The institute, which will be part of USC’s Sol Price School of Public Policy, seeks to promote a new era of post-partisanship, Mr. Schwarzenegger said.
“We should teach people that they can have strong, strong beliefs. If you are a Republican, you should keep your beliefs. If you are a Democrat, you should keep your beliefs,” he said. But students need to be taught, he added, how to get people of different beliefs together and to forge solutions through intelligent and civil discussion.
The Schwarzenegger institute will emphasize the importance of science and evidence in policy making, according to the university’s announcement, and will focus on local and regional solutions as being among the best means to solving global problems. The five policy areas the institute will prioritize are: education, energy and environment, fiscal and economic policy, health and human wellness, and political reform.
The institute’s co-leaders will be Bonnie Reiss, a former California education secretary who was also a senior adviser to Mr. Schwarzenegger when he was governor, and Nancy Staudt, who holds a joint appointment in the university’s Gould School of Law and the Price School of Public Policy. Ms. Reiss will be the institute’s global director, and Ms. Staudt will be its academic director.
An International End Game
Mr. Schwarzenegger is helping to finance the institute. The former governor will provide an initial gift, the amount and terms of which the university declined to disclose. Digital documents from his work as governor, an office Mr. Schwarzenegger held from 2003 to 2011, also will be housed at Southern Cal.
In his role as professor, Mr. Schwarzenegger said he will give talks and lectures on the campus and also at sites across the globe. “My strength is international reputation,” he said. “My end game is to take information overseas.”
He said he is enthusiastic about sharing the knowledge he gained as governor and about hearing from other cities and countries, too, about the experiences they have had that might help others solve problems. Whether it is about training or diet or policy, Mr. Schwarzenegger said, he likes to communicate about the things he has learned about how to be successful.
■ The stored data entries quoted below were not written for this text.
(* Let $Q$ be a quiver such that every path of $Q$ belongs to $\mathcal{A}$, i.e. for any two vertices there is at most one path from one to the other. Then every two-sided algebra ideal $I$ of the path algebra $\Bbbk Q$ is a linearized semigroup ideal, i.e. $I$ is the linear span of a set $X$ of paths such that $\alpha\omega\beta\in X$ whenever $\omega\in X$, $\alpha,\beta$ are paths and the concatenation $\alpha\omega\beta$ is defined (non-zero).
   Context: $\Bbbk$ is an algebraically closed field. Paths include trivial paths $\varepsilon_x$ at vertices; the product of two paths in $\Bbbk Q$ is their concatenation when defined and $0$ otherwise; paths form a basis of $\Bbbk Q$. $\mathcal{A}$ is the set of paths $\omega$ such that no other path has the same head and the same tail as $\omega$. (Equivalently, in semigroup language: $I=\Bbbk\hat I/\Bbbk\mathbf{0}$ for a semigroup ideal $\hat I$ of the path semigroup with zero $\mathbf{0}$.) *)

theory Defs
  imports "HOL-Computational_Algebra.Polynomial"
begin

definition alg_closed :: "'k::field itself \<Rightarrow> bool" where
  "alg_closed _ \<longleftrightarrow> (\<forall>p :: 'k poly. degree p > 0 \<longrightarrow> (\<exists>x. poly p x = 0))"

text \<open>A path is a pair (x, es): a start vertex x and a list of arrows es, traversed
  left to right. The trivial path at x is (x, []).\<close>

type_synonym ('v,'e) path = "'v \<times> 'e list"

definition is_path :: "('e \<Rightarrow> 'v) \<Rightarrow> ('e \<Rightarrow> 'v) \<Rightarrow> ('v,'e) path \<Rightarrow> bool" where
  "is_path src tgt p \<longleftrightarrow>
     (case p of (x, es) \<Rightarrow>
        (es \<noteq> [] \<longrightarrow> src (hd es) = x) \<and>
        (\<forall>i. Suc i < length es \<longrightarrow> tgt (es ! i) = src (es ! Suc i)))"

definition ptail :: "('v,'e) path \<Rightarrow> 'v" where
  "ptail p = fst p"

definition phead :: "('e \<Rightarrow> 'v) \<Rightarrow> ('v,'e) path \<Rightarrow> 'v" where
  "phead tgt p = (if snd p = [] then fst p else tgt (last (snd p)))"

definition composable :: "('e \<Rightarrow> 'v) \<Rightarrow> ('v,'e) path \<Rightarrow> ('v,'e) path \<Rightarrow> bool" where
  "composable tgt p q \<longleftrightarrow> phead tgt p = ptail q"

definition pconcat :: "('v,'e) path \<Rightarrow> ('v,'e) path \<Rightarrow> ('v,'e) path" where
  "pconcat p q = (fst p, snd p @ snd q)"

definition pathsA :: "('e \<Rightarrow> 'v) \<Rightarrow> ('e \<Rightarrow> 'v) \<Rightarrow> ('v,'e) path set" where
  "pathsA src tgt = {w. is_path src tgt w \<and>
      (\<forall>q. is_path src tgt q \<and> q \<noteq> w \<longrightarrow>
           \<not> (ptail q = ptail w \<and> phead tgt q = phead tgt w))}"

text \<open>Path algebra kQ: finitely supported coefficient functions on paths
  (paths form a basis); product extends concatenation bilinearly
  (product of paths is 0 when concatenation is undefined).\<close>
definition path_algebra :: "('e \<Rightarrow> 'v) \<Rightarrow> ('e \<Rightarrow> 'v) \<Rightarrow> (('v,'e) path \<Rightarrow> 'k::field) set" where
  "path_algebra src tgt = {f. finite {p. f p \<noteq> 0} \<and> (\<forall>p. f p \<noteq> 0 \<longrightarrow> is_path src tgt p)}"

definition pa_mult :: "('e \<Rightarrow> 'v) \<Rightarrow> (('v,'e) path \<Rightarrow> 'k::field) \<Rightarrow> (('v,'e) path \<Rightarrow> 'k) \<Rightarrow> (('v,'e) path \<Rightarrow> 'k)" where
  "pa_mult tgt f g = (\<lambda>r. \<Sum>(p,q) \<in> {p. f p \<noteq> 0} \<times> {q. g q \<noteq> 0}.
      (if composable tgt p q \<and> pconcat p q = r then f p * g q else 0))"

definition pa_ideal :: "('e \<Rightarrow> 'v) \<Rightarrow> ('e \<Rightarrow> 'v) \<Rightarrow> (('v,'e) path \<Rightarrow> 'k::field) set \<Rightarrow> bool" where
  "pa_ideal src tgt I \<longleftrightarrow>
     I \<subseteq> path_algebra src tgt \<and> (\<lambda>_. 0) \<in> I \<and>
     (\<forall>f\<in>I. \<forall>g\<in>I. (\<lambda>r. f r + g r) \<in> I) \<and>
     (\<forall>c. \<forall>f\<in>I. (\<lambda>r. c * f r) \<in> I) \<and>
     (\<forall>a\<in>path_algebra src tgt. \<forall>f\<in>I. pa_mult tgt a f \<in> I \<and> pa_mult tgt f a \<in> I)"

definition pbasis :: "('v,'e) path \<Rightarrow> (('v,'e) path \<Rightarrow> 'k::field)" where
  "pbasis p = (\<lambda>r. if r = p then 1 else 0)"

definition pspan :: "('v,'e) path set \<Rightarrow> (('v,'e) path \<Rightarrow> 'k::field) set" where
  "pspan X = {(\<lambda>r. \<Sum>p\<in>F. c p * pbasis p r) | F c. finite F \<and> F \<subseteq> X}"

definition path_semigroup_ideal :: "('e \<Rightarrow> 'v) \<Rightarrow> ('e \<Rightarrow> 'v) \<Rightarrow> ('v,'e) path set \<Rightarrow> bool" where
  "path_semigroup_ideal src tgt X \<longleftrightarrow>
     X \<subseteq> {p. is_path src tgt p} \<and>
     (\<forall>w\<in>X. \<forall>a b. is_path src tgt a \<and> is_path src tgt b \<and>
        composable tgt a w \<and> composable tgt w b \<longrightarrow> pconcat (pconcat a w) b \<in> X)"

end

theory Submission
  imports Defs
begin

text \<open>Sandwiching an element f of kQ between the trivial paths at the tail and at the head of
  a path p keeps exactly the coefficients of the paths parallel to p. If p lies in \<A>, the
  only such path is p itself, so the sandwich is f p times p, and an ideal containing f
  contains p whenever f p \<noteq> 0. Hence, when all paths lie in \<A>, every ideal is spanned by
  the paths it contains, and these always form a semigroup ideal.\<close>

lemma support_pbasis: "{r. (pbasis p :: _ \<Rightarrow> 'k::field) r \<noteq> 0} = {p}"
  by (auto simp: pbasis_def)

lemma pbasis_in_path_algebra:
  "is_path src tgt p \<Longrightarrow> (pbasis p :: _ \<Rightarrow> 'k::field) \<in> path_algebra src tgt"
  by (auto simp: path_algebra_def pbasis_def)

lemma is_path_trivial: "is_path src tgt (x, [])"
  by (simp add: is_path_def)

lemma composable_pconcat:
  "composable tgt (pconcat p q) r \<longleftrightarrow> composable tgt q r"
  if "composable tgt p q"
  using that by (auto simp: composable_def pconcat_def phead_def ptail_def)

lemma pa_mult_pbasis:
  "pa_mult tgt (pbasis p :: _ \<Rightarrow> 'k::field) (pbasis q) =
     (if composable tgt p q then pbasis (pconcat p q) else (\<lambda>_. 0))"
  unfolding pa_mult_def support_pbasis by (auto simp: pbasis_def fun_eq_iff)

lemma pa_mult_pbasis_left:
  "pa_mult tgt (pbasis p :: _ \<Rightarrow> 'k::field) f r =
     (\<Sum>q | f q \<noteq> 0. if composable tgt p q \<and> pconcat p q = r then f q else 0)"
  unfolding pa_mult_def support_pbasis
  by (auto simp: pbasis_def sum.cartesian_product[symmetric] intro!: sum.cong)

lemma pa_mult_pbasis_right:
  "pa_mult tgt f (pbasis q :: _ \<Rightarrow> 'k::field) r =
     (\<Sum>p | f p \<noteq> 0. if composable tgt p q \<and> pconcat p q = r then f p else 0)"
  unfolding pa_mult_def support_pbasis
  by (auto simp: pbasis_def sum.cartesian_product[symmetric] intro!: sum.cong)

lemma pa_mult_trivial_left:
  assumes "finite {q. f q \<noteq> 0}"
  shows "pa_mult tgt (pbasis (x, []) :: _ \<Rightarrow> 'k::field) f =
           (\<lambda>r. if ptail r = x then f r else 0)"
proof
  fix r
  have "pa_mult tgt (pbasis (x, []) :: _ \<Rightarrow> 'k) f r =
          (\<Sum>q | f q \<noteq> 0. if q = r then (if ptail r = x then f r else 0) else 0)"
    unfolding pa_mult_pbasis_left
    by (rule sum.cong) (auto simp: composable_def phead_def ptail_def pconcat_def)
  also have "\<dots> = (if ptail r = x then f r else 0)"
    using assms by (simp add: sum.delta')
  finally show "pa_mult tgt (pbasis (x, []) :: _ \<Rightarrow> 'k) f r = (if ptail r = x then f r else 0)" .
qed

lemma pa_mult_trivial_right:
  assumes "finite {p. f p \<noteq> 0}"
  shows "pa_mult tgt f (pbasis (y, []) :: _ \<Rightarrow> 'k::field) =
           (\<lambda>r. if phead tgt r = y then f r else 0)"
proof
  fix r
  have "pa_mult tgt f (pbasis (y, []) :: _ \<Rightarrow> 'k) r =
          (\<Sum>p | f p \<noteq> 0. if p = r then (if phead tgt r = y then f r else 0) else 0)"
    unfolding pa_mult_pbasis_right
    by (rule sum.cong) (auto simp: composable_def phead_def ptail_def pconcat_def)
  also have "\<dots> = (if phead tgt r = y then f r else 0)"
    using assms by (simp add: sum.delta')
  finally show "pa_mult tgt f (pbasis (y, []) :: _ \<Rightarrow> 'k) r =
                  (if phead tgt r = y then f r else 0)" .
qed

lemma pa_mult_trivial_sandwich:
  assumes "finite {q. f q \<noteq> 0}"
  shows "pa_mult tgt (pa_mult tgt (pbasis (x, [])) f) (pbasis (y, []) :: _ \<Rightarrow> 'k::field) =
           (\<lambda>r. if ptail r = x \<and> phead tgt r = y then f r else 0)"
proof -
  have "finite {r. (if ptail r = x then f r else 0) \<noteq> 0}"
    by (rule finite_subset[OF _ assms]) auto
  then show ?thesis
    by (simp add: pa_mult_trivial_left[OF assms] pa_mult_trivial_right fun_eq_iff)
qed

lemma pa_mult_trivial_sandwich_pathsA:
  assumes "p \<in> pathsA src tgt" and "f \<in> path_algebra src tgt"
  shows "pa_mult tgt (pa_mult tgt (pbasis (ptail p, [])) f) (pbasis (phead tgt p, [])) =
           (\<lambda>r. f p * (pbasis p r :: 'k::field))"
proof -
  have "f r = 0" if "ptail r = ptail p" "phead tgt r = phead tgt p" "r \<noteq> p" for r
  proof (rule ccontr)
    assume "f r \<noteq> 0"
    with assms(2) have "is_path src tgt r" unfolding path_algebra_def by blast
    with assms(1) that show False unfolding pathsA_def by blast
  qed
  moreover have "finite {q. f q \<noteq> 0}"
    using assms(2) by (simp add: path_algebra_def)
  ultimately show ?thesis
    unfolding pa_mult_trivial_sandwich[OF \<open>finite _\<close>]
    by (auto simp: pbasis_def fun_eq_iff ptail_def)
qed

lemma
  assumes "pa_ideal src tgt I"
  shows pa_ideal_subset: "I \<subseteq> path_algebra src tgt"
    and pa_ideal_zero: "(\<lambda>_. 0) \<in> I"
    and pa_ideal_add: "f \<in> I \<Longrightarrow> g \<in> I \<Longrightarrow> (\<lambda>r. f r + g r) \<in> I"
    and pa_ideal_smult: "f \<in> I \<Longrightarrow> (\<lambda>r. c * f r) \<in> I"
    and pa_ideal_mult_left: "a \<in> path_algebra src tgt \<Longrightarrow> f \<in> I \<Longrightarrow> pa_mult tgt a f \<in> I"
    and pa_ideal_mult_right: "a \<in> path_algebra src tgt \<Longrightarrow> f \<in> I \<Longrightarrow> pa_mult tgt f a \<in> I"
  using assms unfolding pa_ideal_def by blast+

lemma pbasis_in_pa_ideal:
  assumes I: "pa_ideal src tgt I" and "f \<in> I" and "f p \<noteq> 0" and "p \<in> pathsA src tgt"
  shows "pbasis p \<in> I"
proof -
  let ?g = "pa_mult tgt (pa_mult tgt (pbasis (ptail p, [])) f) (pbasis (phead tgt p, []))"
  have "?g \<in> I"
    by (intro pa_ideal_mult_left[OF I] pa_ideal_mult_right[OF I]
        pbasis_in_path_algebra is_path_trivial \<open>f \<in> I\<close>)
  then have "(\<lambda>r. inverse (f p) * ?g r) \<in> I"
    by (rule pa_ideal_smult[OF I])
  moreover have "?g = (\<lambda>r. f p * pbasis p r)"
    using pa_ideal_subset[OF I] \<open>f \<in> I\<close> \<open>p \<in> pathsA src tgt\<close>
    by (auto intro: pa_mult_trivial_sandwich_pathsA)
  ultimately show ?thesis
    using \<open>f p \<noteq> 0\<close> by (simp add: mult.assoc[symmetric])
qed

lemma path_semigroup_ideal_pbasis_in_pa_ideal:
  assumes I: "pa_ideal src tgt (I :: (_ \<Rightarrow> 'k::field) set)"
  shows "path_semigroup_ideal src tgt {p. pbasis p \<in> I}"
  unfolding path_semigroup_ideal_def
proof (intro conjI ballI allI impI)
  show "{p. pbasis p \<in> I} \<subseteq> {p. is_path src tgt p}"
    using pa_ideal_subset[OF I] by (auto simp: path_algebra_def pbasis_def)
next
  fix w a b
  assume w: "w \<in> {p. pbasis p \<in> I}" and ab: "is_path src tgt a \<and> is_path src tgt b \<and>
    composable tgt a w \<and> composable tgt w b"
  have "pa_mult tgt (pa_mult tgt (pbasis a) (pbasis w)) (pbasis b) \<in> I"
    using w ab by (intro pa_ideal_mult_left[OF I] pa_ideal_mult_right[OF I]
        pbasis_in_path_algebra) auto
  with ab show "pconcat (pconcat a w) b \<in> {p. pbasis p \<in> I}"
    by (simp add: pa_mult_pbasis composable_pconcat)
qed

lemma pspan_subset_pa_ideal:
  assumes I: "pa_ideal src tgt (I :: (_ \<Rightarrow> 'k::field) set)"
  shows "pspan {p. pbasis p \<in> I} \<subseteq> I"
proof -
  have "(\<lambda>r. \<Sum>p\<in>F. c p * pbasis p r) \<in> I" if "finite F" "F \<subseteq> {p. pbasis p \<in> I}" for F c
    using that
  proof (induction F rule: finite_induct)
    case empty
    show ?case using pa_ideal_zero[OF I] by simp
  next
    case (insert a F)
    then have "(\<lambda>r. c a * pbasis a r + (\<Sum>p\<in>F. c p * pbasis p r)) \<in> I"
      by (intro pa_ideal_add[OF I] pa_ideal_smult[OF I]) auto
    with insert show ?case by simp
  qed
  then show ?thesis
    unfolding pspan_def by blast
qed

lemma in_pspan_of_support_subset:
  assumes "finite {p. f p \<noteq> 0}" and "{p. f p \<noteq> 0} \<subseteq> X"
  shows "(f :: _ \<Rightarrow> 'k::field) \<in> pspan X"
proof -
  have "f r = (\<Sum>p | f p \<noteq> 0. f p * pbasis p r)" for r
  proof -
    have "(\<Sum>p | f p \<noteq> 0. f p * pbasis p r) = (\<Sum>p | f p \<noteq> 0. if r = p then f r else 0)"
      by (rule sum.cong) (auto simp: pbasis_def)
    with assms(1) show ?thesis by (simp add: sum.delta)
  qed
  then have "f = (\<lambda>r. \<Sum>p | f p \<noteq> 0. f p * pbasis p r)" ..
  with assms show ?thesis
    unfolding pspan_def by blast
qed

theorem proposition2:
  fixes src tgt :: "'e \<Rightarrow> 'v"
    and I :: "(('v,'e) path \<Rightarrow> 'k::field) set"
  assumes "alg_closed TYPE('k)"
    and "\<forall>p. is_path src tgt p \<longrightarrow> p \<in> pathsA src tgt"
    and "pa_ideal src tgt I"
  shows "\<exists>X. path_semigroup_ideal src tgt X \<and> I = pspan X"
proof (intro exI conjI)
  let ?X = "{p. pbasis p \<in> I}"
  show "path_semigroup_ideal src tgt ?X"
    using assms(3) by (rule path_semigroup_ideal_pbasis_in_pa_ideal)
  have "f \<in> pspan ?X" if "f \<in> I" for f
  proof (rule in_pspan_of_support_subset)
    have f: "f \<in> path_algebra src tgt"
      using pa_ideal_subset[OF assms(3)] \<open>f \<in> I\<close> ..
    then show "finite {p. f p \<noteq> 0}"
      by (simp add: path_algebra_def)
    show "{p. f p \<noteq> 0} \<subseteq> ?X"
      using f assms(2) pbasis_in_pa_ideal[OF assms(3) \<open>f \<in> I\<close>]
      by (auto simp: path_algebra_def)
  qed
  then show "I = pspan ?X"
    using pspan_subset_pa_ideal[OF assms(3)] by blast
qed

end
For example, he said, he used to meet with the world’s top body builders after international competitions, and they would debate such things as where the sport should go and what judging should look like. “This is no different,” he said of how he expects to exchange ideas and lessons with other leaders, and with students, as part of the institute that bears his name. “I always like to go and take what I know and run with it.”